Work instructions >> In the listing that follows, the lines starting at the one containing "M \<Longrightarrow> levi_pos_def_at" and ending at the one containing "using nhd by blast" are to be returned exactly, both boundary lines included, and no others.

═══ Records provided ═══

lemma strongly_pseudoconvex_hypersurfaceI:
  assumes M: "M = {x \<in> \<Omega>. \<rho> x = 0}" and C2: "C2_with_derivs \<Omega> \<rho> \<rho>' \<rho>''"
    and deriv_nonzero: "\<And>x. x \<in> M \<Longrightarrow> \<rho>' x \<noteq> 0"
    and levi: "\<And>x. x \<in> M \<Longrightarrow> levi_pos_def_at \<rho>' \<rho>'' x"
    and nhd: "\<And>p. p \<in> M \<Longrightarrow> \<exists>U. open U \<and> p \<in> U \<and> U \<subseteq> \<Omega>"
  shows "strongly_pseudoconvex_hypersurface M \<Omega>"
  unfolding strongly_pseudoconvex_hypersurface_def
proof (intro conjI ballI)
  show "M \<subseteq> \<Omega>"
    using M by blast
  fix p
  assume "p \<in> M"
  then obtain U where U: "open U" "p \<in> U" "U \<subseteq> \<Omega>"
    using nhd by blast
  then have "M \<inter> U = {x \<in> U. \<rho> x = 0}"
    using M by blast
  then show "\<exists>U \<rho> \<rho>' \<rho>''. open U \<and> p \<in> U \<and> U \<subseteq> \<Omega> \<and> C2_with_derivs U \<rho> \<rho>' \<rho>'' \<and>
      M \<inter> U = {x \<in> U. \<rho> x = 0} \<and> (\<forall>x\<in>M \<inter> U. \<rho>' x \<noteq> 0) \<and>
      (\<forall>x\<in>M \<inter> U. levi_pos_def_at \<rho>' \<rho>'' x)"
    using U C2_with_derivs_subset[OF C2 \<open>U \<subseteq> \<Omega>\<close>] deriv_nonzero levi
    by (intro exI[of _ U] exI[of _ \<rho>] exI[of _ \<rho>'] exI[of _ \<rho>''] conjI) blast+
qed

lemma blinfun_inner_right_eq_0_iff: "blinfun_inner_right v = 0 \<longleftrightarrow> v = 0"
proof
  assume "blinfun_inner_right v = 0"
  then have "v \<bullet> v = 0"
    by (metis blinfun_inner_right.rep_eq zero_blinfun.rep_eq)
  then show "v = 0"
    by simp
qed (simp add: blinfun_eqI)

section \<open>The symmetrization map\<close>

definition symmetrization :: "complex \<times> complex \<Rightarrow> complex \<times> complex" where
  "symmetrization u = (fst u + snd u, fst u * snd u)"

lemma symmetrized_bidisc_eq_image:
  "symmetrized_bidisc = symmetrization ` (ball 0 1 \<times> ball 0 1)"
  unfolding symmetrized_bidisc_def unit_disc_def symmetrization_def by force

═══
═══ Records provided ═══

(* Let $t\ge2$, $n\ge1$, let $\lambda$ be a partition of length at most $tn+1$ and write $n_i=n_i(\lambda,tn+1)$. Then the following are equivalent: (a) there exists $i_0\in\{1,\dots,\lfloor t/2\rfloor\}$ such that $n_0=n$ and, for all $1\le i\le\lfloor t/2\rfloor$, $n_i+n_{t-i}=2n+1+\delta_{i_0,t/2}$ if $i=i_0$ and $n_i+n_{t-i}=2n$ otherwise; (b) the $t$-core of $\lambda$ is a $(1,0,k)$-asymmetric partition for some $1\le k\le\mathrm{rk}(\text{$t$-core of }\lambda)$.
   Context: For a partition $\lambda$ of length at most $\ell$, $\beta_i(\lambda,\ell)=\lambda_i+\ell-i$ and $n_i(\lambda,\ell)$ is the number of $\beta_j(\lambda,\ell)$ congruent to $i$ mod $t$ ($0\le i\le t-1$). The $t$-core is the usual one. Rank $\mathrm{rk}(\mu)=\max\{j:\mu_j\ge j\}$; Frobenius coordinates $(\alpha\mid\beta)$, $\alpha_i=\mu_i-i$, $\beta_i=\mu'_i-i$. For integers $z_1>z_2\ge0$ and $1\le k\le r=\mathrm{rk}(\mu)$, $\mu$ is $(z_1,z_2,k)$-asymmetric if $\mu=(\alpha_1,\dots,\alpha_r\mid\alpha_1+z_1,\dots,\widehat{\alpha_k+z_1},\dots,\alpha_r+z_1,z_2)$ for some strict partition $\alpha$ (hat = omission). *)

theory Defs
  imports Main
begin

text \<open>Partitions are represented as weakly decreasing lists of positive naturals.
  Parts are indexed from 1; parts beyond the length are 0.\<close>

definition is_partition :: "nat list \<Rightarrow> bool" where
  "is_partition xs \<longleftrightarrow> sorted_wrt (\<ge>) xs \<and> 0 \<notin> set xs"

═══

Result for this task >>
    and levi: "\<And>x. x \<in> M \<Longrightarrow> levi_pos_def_at \<rho>' \<rho>'' x"
    and nhd: "\<And>p. p \<in> M \<Longrightarrow> \<exists>U. open U \<and> p \<in> U \<and> U \<subseteq> \<Omega>"
  shows "strongly_pseudoconvex_hypersurface M \<Omega>"
  unfolding strongly_pseudoconvex_hypersurface_def
proof (intro conjI ballI)
  show "M \<subseteq> \<Omega>"
    using M by blast
  fix p
  assume "p \<in> M"
  then obtain U where U: "open U" "p \<in> U" "U \<subseteq> \<Omega>"
    using nhd by blast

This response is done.